(Beginning of DATA FOR THE TASK)

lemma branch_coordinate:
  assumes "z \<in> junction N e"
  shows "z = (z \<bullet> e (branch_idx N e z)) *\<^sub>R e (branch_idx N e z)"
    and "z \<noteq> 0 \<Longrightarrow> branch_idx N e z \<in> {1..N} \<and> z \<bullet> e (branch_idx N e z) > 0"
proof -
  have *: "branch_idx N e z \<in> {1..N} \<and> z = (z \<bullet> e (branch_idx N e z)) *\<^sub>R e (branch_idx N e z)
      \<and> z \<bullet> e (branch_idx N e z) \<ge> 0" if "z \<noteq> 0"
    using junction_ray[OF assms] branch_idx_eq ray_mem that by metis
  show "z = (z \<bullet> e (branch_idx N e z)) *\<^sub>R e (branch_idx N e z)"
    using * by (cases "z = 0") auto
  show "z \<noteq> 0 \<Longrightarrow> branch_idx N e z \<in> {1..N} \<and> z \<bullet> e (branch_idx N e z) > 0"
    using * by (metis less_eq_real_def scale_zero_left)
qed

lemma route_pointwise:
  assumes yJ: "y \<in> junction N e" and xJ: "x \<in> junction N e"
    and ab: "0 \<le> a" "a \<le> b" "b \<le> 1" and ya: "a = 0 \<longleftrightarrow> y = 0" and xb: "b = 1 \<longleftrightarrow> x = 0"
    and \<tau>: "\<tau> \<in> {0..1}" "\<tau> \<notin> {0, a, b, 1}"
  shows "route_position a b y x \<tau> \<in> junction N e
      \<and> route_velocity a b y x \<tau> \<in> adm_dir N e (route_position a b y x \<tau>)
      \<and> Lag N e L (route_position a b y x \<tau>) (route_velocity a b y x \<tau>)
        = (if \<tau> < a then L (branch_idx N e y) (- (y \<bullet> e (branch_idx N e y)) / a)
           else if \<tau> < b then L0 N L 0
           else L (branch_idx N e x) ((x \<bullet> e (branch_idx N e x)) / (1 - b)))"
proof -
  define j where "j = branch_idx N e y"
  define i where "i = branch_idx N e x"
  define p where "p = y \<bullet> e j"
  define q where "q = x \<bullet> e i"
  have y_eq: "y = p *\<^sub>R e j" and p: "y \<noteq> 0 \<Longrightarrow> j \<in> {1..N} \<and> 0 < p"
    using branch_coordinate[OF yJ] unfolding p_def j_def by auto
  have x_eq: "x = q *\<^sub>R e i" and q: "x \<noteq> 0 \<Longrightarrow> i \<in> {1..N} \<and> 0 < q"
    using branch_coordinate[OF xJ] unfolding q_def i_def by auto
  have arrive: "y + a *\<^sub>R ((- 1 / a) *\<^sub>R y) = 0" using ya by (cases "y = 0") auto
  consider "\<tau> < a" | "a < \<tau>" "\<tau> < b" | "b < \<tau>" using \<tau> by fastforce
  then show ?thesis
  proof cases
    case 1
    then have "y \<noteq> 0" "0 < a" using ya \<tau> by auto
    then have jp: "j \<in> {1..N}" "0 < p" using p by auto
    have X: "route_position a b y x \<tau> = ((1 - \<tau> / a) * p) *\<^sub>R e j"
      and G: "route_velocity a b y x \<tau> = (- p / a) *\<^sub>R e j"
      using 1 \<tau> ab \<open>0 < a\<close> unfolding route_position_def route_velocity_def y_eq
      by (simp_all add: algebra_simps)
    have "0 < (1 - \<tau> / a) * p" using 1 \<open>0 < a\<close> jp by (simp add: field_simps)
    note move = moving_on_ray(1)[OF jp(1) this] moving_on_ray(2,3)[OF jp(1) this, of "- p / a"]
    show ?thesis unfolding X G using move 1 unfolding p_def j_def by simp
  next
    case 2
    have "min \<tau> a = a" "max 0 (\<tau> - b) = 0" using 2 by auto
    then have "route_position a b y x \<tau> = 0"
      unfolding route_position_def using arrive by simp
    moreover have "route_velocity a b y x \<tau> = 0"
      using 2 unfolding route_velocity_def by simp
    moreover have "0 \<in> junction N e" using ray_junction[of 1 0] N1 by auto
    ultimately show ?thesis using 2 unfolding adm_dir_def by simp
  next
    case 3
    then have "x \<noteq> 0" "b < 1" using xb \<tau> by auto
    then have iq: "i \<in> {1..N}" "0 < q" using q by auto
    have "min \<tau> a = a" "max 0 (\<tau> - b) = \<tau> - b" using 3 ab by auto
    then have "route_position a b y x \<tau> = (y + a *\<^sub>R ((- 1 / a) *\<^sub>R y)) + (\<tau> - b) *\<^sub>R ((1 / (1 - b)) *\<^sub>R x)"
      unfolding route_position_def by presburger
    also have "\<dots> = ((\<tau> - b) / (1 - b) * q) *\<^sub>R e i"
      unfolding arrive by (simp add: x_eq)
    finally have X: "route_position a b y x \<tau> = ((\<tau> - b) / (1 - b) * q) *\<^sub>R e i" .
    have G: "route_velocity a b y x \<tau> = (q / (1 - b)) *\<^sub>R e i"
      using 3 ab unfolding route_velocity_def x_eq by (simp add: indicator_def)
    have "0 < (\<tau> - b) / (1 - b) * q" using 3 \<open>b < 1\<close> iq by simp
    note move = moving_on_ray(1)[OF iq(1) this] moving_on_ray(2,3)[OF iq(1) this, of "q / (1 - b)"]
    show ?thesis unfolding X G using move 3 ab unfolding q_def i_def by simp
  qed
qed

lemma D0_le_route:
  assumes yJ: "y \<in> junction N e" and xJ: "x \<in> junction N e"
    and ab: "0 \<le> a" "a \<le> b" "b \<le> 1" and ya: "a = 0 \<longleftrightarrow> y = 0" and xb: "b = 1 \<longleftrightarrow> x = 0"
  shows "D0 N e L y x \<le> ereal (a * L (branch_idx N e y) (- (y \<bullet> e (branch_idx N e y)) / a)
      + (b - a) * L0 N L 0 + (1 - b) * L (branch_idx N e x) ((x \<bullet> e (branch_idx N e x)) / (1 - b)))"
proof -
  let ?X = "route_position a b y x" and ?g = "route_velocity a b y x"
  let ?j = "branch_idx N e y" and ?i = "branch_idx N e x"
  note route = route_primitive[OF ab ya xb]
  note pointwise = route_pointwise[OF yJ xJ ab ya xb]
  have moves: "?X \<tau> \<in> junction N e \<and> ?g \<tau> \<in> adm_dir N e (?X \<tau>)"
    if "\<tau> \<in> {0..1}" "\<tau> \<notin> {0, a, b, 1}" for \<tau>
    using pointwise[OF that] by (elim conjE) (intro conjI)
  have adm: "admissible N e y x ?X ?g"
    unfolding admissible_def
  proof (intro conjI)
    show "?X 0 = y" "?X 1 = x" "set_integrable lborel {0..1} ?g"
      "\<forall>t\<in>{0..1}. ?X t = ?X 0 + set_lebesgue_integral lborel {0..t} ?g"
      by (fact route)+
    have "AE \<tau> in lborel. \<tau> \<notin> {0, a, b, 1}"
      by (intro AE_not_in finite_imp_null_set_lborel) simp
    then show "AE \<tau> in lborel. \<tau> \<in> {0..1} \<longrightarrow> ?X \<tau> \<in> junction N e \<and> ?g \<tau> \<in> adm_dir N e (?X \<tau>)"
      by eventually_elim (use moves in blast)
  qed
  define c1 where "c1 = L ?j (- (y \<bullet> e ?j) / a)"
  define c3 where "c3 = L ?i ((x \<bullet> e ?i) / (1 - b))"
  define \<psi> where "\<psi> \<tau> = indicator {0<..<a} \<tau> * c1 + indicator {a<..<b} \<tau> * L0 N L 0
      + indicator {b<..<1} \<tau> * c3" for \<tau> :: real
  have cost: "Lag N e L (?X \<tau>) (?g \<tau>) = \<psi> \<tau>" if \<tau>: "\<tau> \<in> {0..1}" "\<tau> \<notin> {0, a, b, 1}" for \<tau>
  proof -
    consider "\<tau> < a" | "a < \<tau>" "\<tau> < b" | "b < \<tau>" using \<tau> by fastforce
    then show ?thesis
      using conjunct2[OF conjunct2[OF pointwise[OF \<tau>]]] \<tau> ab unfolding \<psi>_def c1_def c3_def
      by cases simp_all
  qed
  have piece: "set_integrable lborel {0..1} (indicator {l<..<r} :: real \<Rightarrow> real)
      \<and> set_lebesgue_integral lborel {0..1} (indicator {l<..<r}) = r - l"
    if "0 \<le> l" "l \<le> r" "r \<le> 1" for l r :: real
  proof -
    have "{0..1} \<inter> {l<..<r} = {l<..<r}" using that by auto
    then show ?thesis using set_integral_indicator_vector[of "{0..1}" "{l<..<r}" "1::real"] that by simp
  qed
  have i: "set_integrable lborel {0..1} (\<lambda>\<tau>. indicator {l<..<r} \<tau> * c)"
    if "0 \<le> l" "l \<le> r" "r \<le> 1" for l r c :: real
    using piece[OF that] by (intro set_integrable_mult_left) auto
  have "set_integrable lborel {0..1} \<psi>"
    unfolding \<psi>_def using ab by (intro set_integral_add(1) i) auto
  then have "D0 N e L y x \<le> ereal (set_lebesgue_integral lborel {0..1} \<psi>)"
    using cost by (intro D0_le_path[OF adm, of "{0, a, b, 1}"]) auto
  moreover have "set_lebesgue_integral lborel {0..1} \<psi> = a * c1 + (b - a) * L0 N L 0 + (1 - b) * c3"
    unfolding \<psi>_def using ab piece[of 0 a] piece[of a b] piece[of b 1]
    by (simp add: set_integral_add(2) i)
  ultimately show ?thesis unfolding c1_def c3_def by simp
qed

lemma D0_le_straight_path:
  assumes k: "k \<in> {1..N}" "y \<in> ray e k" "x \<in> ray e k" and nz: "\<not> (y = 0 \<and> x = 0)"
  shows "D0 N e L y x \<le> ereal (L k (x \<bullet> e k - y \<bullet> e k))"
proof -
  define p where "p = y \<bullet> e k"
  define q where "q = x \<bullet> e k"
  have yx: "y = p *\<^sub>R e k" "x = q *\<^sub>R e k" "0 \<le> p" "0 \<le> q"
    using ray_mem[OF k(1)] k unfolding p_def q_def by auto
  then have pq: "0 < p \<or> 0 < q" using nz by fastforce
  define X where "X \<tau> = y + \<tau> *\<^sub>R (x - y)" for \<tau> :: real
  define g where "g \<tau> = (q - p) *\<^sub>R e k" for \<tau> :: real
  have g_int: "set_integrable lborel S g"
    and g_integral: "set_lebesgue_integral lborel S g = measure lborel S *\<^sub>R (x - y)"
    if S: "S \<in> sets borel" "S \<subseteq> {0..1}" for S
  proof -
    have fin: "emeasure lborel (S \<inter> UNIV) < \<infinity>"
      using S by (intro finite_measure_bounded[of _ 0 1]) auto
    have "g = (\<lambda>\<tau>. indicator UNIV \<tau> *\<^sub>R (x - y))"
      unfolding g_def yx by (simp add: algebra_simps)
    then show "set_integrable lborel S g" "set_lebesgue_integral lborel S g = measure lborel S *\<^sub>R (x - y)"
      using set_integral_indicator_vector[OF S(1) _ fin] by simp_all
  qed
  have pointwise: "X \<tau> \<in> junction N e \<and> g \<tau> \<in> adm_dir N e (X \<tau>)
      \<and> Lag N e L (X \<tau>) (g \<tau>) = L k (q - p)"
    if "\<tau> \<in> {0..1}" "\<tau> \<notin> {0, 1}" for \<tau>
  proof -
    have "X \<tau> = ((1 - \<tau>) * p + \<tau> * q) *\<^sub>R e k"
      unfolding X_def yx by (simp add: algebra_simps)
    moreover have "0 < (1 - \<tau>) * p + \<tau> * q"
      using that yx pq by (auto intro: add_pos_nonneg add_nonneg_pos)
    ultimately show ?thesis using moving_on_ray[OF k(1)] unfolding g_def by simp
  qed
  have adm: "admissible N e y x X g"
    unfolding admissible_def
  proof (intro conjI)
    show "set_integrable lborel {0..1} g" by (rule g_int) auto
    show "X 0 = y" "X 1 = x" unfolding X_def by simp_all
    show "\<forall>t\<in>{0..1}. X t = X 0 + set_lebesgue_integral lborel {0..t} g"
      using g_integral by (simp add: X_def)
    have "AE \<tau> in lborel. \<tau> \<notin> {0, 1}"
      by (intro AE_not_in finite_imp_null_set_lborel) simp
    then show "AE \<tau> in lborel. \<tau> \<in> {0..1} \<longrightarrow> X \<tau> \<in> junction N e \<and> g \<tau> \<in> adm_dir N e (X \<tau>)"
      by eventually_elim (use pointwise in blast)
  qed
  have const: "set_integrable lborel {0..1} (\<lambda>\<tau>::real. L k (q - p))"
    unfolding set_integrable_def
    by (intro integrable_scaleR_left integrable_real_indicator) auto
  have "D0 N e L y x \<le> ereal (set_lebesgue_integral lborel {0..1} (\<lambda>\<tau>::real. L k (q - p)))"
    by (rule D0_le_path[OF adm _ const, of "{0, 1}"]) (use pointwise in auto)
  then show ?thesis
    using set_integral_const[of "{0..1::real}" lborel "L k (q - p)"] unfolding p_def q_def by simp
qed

(End of DATA FOR THE TASK)
(Beginning of DATA FOR THE TASK)

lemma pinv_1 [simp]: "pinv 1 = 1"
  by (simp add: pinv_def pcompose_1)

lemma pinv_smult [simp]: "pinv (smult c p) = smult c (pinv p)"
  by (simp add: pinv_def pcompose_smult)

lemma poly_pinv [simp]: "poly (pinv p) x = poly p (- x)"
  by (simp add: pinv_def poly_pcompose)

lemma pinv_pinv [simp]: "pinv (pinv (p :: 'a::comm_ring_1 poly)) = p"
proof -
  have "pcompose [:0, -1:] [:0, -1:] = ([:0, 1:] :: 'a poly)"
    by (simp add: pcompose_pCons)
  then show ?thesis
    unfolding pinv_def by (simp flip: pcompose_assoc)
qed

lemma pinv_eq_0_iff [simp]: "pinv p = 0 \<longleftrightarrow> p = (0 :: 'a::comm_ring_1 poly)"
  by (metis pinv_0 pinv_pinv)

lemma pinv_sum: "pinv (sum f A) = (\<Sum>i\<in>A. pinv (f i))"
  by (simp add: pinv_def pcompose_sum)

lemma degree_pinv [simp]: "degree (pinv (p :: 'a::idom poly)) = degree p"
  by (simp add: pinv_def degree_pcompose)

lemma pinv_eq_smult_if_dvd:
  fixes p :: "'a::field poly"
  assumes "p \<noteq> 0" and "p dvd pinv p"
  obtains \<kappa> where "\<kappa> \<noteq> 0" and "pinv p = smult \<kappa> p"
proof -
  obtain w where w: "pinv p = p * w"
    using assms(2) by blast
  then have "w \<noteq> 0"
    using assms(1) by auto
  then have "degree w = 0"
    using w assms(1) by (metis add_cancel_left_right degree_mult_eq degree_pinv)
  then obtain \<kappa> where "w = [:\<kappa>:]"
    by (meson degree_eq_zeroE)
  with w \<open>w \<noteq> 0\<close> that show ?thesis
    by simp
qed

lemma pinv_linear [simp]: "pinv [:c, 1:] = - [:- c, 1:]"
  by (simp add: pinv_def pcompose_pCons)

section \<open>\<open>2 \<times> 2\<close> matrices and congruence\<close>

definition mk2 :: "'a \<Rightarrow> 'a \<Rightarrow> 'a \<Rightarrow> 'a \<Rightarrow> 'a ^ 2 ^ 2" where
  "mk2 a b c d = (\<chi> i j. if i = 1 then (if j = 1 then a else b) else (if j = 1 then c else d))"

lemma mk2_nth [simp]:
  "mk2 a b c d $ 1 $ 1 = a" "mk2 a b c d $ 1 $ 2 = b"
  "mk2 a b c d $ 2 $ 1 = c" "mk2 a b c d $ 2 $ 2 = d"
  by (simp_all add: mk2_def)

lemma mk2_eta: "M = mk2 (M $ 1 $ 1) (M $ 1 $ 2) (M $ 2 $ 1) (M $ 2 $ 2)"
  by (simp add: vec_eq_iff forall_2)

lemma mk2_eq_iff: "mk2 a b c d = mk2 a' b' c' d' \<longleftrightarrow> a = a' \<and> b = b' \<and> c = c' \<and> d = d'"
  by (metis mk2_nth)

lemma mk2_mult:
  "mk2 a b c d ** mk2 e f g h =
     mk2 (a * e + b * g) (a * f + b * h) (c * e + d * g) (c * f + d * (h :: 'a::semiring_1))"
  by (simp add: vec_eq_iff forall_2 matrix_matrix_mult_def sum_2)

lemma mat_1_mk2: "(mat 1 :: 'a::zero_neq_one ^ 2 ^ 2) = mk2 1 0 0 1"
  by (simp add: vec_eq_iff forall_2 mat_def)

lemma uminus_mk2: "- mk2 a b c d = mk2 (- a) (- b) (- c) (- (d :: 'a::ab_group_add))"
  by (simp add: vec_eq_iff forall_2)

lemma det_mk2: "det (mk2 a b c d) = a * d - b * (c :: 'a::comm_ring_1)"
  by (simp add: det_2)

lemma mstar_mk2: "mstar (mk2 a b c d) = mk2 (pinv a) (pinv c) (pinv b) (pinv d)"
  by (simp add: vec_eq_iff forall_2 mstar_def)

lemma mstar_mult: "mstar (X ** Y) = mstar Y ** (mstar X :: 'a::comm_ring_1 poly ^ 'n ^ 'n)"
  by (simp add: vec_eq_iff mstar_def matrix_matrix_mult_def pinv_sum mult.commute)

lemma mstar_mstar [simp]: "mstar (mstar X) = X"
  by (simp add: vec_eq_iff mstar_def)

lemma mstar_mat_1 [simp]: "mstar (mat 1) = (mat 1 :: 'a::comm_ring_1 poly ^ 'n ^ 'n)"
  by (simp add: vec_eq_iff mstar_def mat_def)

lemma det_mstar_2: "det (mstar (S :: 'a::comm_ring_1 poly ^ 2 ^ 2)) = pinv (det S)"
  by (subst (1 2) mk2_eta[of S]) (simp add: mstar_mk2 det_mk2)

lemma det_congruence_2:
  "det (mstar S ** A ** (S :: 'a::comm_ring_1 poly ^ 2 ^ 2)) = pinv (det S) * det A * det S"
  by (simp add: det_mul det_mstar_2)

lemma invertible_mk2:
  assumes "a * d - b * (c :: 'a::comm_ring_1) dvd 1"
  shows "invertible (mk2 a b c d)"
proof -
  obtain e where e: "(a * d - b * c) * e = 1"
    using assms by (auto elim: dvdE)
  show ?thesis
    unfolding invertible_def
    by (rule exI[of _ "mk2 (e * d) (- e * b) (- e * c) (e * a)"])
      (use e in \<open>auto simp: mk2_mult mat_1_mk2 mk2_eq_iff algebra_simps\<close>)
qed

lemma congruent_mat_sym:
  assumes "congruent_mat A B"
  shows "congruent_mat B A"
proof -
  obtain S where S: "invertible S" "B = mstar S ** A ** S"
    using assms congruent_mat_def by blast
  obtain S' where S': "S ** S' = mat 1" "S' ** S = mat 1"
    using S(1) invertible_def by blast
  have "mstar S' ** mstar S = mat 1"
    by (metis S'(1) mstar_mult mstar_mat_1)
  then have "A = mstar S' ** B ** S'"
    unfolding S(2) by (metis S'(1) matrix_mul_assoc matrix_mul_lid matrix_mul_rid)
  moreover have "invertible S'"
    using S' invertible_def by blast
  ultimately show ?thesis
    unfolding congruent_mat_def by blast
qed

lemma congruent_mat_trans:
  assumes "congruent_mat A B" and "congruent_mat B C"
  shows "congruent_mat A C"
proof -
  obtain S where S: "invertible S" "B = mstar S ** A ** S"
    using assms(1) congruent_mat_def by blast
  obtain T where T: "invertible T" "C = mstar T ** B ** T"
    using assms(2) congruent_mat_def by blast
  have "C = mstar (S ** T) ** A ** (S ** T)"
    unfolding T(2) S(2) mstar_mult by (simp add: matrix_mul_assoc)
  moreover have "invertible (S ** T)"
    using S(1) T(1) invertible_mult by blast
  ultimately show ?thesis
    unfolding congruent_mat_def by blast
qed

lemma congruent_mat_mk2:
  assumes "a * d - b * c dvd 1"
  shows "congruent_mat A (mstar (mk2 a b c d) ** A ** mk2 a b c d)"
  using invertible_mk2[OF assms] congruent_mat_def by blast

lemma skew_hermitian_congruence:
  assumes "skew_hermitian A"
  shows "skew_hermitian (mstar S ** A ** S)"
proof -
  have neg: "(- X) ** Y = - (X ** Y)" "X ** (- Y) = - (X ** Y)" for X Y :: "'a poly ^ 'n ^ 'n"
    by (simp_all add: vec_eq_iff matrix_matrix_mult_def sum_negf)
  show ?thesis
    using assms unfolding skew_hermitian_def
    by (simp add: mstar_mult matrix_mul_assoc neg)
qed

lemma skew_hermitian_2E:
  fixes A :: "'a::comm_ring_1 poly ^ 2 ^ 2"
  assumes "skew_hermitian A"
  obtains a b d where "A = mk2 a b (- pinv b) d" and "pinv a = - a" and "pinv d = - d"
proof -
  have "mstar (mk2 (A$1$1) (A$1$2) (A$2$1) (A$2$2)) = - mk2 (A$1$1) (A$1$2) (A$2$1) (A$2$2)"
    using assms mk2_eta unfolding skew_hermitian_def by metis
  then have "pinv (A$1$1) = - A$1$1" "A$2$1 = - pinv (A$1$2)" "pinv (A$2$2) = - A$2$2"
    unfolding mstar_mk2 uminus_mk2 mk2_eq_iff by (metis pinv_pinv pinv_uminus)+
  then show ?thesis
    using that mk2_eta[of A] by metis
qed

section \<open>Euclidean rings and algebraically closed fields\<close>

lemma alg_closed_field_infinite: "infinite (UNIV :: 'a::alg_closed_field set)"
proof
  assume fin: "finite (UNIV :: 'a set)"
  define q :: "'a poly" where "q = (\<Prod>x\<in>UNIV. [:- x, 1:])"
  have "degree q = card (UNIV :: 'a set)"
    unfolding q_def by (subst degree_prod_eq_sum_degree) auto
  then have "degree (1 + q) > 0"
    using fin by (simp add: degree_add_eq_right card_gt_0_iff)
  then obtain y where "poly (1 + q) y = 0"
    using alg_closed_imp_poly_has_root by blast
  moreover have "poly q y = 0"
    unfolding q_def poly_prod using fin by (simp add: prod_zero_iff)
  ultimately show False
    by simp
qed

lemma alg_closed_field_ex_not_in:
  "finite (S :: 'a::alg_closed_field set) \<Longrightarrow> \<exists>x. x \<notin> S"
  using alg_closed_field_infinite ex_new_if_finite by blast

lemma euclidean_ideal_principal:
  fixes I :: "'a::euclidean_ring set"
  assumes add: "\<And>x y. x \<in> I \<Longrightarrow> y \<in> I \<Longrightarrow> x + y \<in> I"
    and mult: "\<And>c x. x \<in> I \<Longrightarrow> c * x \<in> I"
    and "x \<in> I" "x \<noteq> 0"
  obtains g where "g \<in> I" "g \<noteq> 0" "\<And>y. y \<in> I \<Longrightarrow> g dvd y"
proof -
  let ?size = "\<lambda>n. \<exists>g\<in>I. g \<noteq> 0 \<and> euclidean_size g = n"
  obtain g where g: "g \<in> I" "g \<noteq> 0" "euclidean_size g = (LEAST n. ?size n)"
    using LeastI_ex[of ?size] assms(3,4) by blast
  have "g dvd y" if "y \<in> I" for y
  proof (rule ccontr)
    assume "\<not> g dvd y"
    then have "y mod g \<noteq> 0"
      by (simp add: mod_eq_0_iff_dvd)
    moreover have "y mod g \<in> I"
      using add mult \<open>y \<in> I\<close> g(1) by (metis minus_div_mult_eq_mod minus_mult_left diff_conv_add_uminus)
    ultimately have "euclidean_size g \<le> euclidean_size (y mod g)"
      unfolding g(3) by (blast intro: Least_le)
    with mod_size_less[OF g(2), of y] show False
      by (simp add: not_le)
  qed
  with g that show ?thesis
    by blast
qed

(End of DATA FOR THE TASK)

▶ _TASK ITEM_
When the line with "by (simp add: pinv_def pcompose_1)" is reached in the data above, start copying there, and copy each line exactly until the line with "A) = (\<Sum>i\<in>A." has been copied; copy nothing else.

▶ _OUTPUT BELOW_
  by (simp add: pinv_def pcompose_1)

lemma pinv_smult [simp]: "pinv (smult c p) = smult c (pinv p)"
  by (simp add: pinv_def pcompose_smult)

lemma poly_pinv [simp]: "poly (pinv p) x = poly p (- x)"
  by (simp add: pinv_def poly_pcompose)

lemma pinv_pinv [simp]: "pinv (pinv (p :: 'a::comm_ring_1 poly)) = p"
proof -
  have "pcompose [:0, -1:] [:0, -1:] = ([:0, 1:] :: 'a poly)"
    by (simp add: pcompose_pCons)
  then show ?thesis
    unfolding pinv_def by (simp flip: pcompose_assoc)
qed

lemma pinv_eq_0_iff [simp]: "pinv p = 0 \<longleftrightarrow> p = (0 :: 'a::comm_ring_1 poly)"
  by (metis pinv_0 pinv_pinv)

lemma pinv_sum: "pinv (sum f A) = (\<Sum>i\<in>A. pinv (f i))"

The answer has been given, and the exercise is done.